Stored data entries:
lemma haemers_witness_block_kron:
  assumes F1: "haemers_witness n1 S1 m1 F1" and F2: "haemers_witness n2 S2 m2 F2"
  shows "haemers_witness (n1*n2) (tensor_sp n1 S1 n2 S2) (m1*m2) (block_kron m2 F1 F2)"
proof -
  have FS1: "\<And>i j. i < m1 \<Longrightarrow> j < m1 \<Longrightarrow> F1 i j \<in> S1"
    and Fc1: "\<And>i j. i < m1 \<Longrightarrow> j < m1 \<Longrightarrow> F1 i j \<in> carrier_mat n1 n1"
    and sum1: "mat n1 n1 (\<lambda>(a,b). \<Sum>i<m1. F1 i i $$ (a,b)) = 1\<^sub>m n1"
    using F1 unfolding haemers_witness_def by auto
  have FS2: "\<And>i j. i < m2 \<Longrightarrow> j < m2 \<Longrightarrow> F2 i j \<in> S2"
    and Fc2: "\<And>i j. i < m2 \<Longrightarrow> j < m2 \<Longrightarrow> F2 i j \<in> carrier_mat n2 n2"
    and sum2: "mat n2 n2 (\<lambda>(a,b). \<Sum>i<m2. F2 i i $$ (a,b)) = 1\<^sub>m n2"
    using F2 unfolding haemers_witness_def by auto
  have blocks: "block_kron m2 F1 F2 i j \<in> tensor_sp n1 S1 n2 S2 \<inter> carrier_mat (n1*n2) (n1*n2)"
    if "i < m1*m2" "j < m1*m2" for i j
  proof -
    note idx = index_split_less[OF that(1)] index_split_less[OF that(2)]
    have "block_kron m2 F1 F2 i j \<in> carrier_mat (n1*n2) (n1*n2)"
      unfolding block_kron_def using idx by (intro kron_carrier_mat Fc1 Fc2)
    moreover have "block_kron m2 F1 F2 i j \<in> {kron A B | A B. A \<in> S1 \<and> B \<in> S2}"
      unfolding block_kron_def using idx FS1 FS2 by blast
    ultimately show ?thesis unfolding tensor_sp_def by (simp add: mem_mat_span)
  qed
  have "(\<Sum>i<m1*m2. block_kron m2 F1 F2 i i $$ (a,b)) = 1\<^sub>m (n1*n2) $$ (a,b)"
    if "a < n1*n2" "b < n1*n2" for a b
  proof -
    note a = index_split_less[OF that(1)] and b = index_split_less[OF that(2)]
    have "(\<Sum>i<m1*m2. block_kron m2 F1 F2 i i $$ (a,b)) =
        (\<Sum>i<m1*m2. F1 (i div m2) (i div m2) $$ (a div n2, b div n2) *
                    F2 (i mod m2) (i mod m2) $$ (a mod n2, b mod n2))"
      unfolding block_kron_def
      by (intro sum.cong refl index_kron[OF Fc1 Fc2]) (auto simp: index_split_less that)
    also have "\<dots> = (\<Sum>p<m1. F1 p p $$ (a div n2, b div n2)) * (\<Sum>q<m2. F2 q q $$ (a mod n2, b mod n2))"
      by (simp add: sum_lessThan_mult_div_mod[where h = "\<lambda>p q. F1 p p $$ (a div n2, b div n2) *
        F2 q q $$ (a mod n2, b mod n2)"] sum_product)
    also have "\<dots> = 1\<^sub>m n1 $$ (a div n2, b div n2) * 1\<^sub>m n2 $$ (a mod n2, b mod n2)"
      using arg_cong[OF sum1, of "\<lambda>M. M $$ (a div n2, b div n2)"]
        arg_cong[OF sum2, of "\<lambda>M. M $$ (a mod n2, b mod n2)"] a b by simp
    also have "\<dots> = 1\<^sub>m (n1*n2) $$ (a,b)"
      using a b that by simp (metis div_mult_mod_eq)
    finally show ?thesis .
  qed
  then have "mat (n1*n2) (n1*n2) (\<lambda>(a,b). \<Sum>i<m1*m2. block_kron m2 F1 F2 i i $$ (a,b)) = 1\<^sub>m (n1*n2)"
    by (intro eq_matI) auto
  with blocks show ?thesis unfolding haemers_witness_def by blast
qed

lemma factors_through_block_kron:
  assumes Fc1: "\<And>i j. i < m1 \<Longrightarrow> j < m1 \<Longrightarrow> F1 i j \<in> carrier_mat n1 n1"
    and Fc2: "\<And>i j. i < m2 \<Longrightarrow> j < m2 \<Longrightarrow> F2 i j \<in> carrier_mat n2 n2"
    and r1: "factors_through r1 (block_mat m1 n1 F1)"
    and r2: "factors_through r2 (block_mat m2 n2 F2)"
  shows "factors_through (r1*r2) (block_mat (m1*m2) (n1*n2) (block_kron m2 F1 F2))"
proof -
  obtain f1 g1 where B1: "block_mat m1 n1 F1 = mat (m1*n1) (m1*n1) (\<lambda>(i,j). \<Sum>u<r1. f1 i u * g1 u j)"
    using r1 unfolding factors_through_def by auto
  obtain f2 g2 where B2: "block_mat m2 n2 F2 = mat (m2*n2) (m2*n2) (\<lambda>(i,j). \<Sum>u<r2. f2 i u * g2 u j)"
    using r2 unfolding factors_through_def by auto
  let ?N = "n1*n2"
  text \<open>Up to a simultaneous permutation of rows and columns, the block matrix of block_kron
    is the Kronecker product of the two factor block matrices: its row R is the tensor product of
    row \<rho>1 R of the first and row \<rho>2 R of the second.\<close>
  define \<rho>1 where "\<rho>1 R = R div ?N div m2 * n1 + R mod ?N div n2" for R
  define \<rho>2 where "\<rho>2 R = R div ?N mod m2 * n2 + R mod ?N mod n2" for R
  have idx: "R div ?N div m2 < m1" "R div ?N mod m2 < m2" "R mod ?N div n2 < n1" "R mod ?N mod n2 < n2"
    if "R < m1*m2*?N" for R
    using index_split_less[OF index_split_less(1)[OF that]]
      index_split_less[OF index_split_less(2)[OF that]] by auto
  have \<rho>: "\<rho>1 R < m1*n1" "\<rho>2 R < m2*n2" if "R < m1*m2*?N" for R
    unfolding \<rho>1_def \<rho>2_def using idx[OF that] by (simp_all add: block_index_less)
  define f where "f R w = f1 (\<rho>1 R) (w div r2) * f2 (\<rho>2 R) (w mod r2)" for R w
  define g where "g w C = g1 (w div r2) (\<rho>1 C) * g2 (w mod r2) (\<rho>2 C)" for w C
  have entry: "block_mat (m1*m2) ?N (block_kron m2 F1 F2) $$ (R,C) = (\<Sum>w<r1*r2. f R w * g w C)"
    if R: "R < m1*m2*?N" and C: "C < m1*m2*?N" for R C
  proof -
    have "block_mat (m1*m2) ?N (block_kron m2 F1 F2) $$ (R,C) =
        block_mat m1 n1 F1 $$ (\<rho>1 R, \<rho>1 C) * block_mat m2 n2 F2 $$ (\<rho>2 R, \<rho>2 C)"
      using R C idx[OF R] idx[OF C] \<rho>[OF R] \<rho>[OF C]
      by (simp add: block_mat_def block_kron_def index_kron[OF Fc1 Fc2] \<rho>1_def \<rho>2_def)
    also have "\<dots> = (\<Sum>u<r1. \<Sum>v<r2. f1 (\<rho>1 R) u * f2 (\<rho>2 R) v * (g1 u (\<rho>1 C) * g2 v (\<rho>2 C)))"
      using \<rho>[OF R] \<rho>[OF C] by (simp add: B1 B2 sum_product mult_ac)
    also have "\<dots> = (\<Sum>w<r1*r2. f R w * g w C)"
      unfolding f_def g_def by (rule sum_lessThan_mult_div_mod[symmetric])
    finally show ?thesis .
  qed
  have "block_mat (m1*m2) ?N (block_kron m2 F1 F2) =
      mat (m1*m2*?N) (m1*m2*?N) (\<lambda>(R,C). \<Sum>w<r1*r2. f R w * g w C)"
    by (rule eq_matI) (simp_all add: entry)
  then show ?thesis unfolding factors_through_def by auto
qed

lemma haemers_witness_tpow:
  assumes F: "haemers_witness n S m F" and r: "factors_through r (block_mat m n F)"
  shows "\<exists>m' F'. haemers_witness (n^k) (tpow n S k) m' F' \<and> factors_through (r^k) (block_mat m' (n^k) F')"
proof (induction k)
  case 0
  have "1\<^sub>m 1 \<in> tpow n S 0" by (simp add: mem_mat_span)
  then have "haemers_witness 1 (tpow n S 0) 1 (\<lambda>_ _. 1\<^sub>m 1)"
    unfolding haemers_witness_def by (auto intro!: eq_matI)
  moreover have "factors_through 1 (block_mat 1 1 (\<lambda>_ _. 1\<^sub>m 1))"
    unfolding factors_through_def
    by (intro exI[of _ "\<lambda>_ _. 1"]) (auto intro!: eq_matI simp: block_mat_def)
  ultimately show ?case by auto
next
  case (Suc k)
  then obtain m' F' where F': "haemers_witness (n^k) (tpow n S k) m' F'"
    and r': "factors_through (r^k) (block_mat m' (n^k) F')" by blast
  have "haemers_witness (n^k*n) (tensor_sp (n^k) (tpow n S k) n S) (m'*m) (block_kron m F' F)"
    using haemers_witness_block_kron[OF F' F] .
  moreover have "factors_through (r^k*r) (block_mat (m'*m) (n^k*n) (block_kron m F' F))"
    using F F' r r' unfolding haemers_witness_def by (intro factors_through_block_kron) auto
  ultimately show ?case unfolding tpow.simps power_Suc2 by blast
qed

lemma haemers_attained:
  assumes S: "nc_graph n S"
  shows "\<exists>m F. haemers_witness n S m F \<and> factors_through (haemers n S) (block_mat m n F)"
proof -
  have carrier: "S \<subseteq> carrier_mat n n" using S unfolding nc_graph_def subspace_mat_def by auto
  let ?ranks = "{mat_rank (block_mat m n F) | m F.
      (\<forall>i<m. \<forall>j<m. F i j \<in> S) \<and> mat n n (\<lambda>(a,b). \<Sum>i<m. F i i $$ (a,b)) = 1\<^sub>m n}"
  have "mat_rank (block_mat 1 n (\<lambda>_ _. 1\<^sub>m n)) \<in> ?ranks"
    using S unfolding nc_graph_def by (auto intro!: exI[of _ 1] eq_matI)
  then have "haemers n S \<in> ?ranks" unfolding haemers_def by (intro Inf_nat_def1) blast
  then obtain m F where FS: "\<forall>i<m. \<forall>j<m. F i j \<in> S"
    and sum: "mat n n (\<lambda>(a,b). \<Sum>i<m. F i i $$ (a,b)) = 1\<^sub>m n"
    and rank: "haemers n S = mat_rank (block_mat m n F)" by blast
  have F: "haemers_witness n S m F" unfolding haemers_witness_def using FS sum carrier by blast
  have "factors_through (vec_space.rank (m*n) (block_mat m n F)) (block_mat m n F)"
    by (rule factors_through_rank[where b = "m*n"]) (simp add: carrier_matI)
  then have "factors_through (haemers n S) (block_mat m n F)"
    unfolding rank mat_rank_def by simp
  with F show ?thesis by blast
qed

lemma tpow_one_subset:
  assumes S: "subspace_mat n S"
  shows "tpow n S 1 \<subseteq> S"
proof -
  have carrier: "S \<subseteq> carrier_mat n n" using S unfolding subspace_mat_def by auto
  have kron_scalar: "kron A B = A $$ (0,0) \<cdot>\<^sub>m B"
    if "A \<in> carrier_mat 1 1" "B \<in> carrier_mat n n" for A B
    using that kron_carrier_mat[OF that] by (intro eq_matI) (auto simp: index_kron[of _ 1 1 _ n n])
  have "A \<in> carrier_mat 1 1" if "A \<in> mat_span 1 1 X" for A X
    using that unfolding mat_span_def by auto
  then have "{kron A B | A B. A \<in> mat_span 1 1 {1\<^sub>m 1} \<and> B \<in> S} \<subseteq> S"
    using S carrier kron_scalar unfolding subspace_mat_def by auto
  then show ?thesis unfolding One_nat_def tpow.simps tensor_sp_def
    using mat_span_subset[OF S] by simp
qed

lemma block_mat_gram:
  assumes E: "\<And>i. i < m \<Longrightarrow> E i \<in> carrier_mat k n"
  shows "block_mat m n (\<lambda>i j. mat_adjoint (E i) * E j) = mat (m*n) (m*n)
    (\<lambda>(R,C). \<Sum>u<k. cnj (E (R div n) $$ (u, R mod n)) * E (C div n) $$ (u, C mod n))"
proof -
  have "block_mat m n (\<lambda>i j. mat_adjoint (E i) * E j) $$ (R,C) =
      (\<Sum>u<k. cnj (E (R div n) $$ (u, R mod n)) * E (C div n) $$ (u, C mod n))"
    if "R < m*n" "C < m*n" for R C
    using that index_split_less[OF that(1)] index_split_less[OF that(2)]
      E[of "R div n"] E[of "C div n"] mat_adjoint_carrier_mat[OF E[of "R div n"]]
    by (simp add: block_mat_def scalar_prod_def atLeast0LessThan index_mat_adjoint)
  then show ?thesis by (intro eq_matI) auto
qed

==

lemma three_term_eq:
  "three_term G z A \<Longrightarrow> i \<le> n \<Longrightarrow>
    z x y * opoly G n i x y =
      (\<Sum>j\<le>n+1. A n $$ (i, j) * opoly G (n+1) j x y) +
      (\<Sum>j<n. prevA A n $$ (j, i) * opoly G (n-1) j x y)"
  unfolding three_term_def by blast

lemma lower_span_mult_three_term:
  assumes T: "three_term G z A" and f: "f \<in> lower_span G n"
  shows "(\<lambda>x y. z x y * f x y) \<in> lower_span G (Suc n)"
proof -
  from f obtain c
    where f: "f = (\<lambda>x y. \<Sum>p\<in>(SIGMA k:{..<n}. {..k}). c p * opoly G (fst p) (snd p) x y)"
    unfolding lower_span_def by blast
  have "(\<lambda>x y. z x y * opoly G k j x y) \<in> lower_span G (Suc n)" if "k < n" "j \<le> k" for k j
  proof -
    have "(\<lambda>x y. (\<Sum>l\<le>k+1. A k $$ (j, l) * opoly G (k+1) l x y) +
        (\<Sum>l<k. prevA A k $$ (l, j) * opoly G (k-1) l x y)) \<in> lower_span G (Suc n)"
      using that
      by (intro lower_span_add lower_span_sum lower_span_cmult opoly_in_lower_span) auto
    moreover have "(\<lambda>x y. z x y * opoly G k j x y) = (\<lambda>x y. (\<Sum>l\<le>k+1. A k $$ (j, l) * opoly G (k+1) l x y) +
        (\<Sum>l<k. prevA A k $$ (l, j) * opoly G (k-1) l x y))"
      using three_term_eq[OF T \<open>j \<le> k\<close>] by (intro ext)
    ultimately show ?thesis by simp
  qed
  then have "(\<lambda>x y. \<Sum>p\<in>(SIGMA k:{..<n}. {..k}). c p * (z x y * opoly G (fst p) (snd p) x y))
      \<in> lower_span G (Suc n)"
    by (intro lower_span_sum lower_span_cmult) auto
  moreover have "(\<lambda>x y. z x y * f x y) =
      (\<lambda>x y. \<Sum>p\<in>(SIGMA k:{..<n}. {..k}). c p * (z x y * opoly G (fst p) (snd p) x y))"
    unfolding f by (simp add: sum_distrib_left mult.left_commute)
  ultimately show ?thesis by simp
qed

WHAT THE TASK REQUIRES:
The answer must be a single number: the count of lines in the data that include the word "lemma".

WRITTEN RESPONSE:
8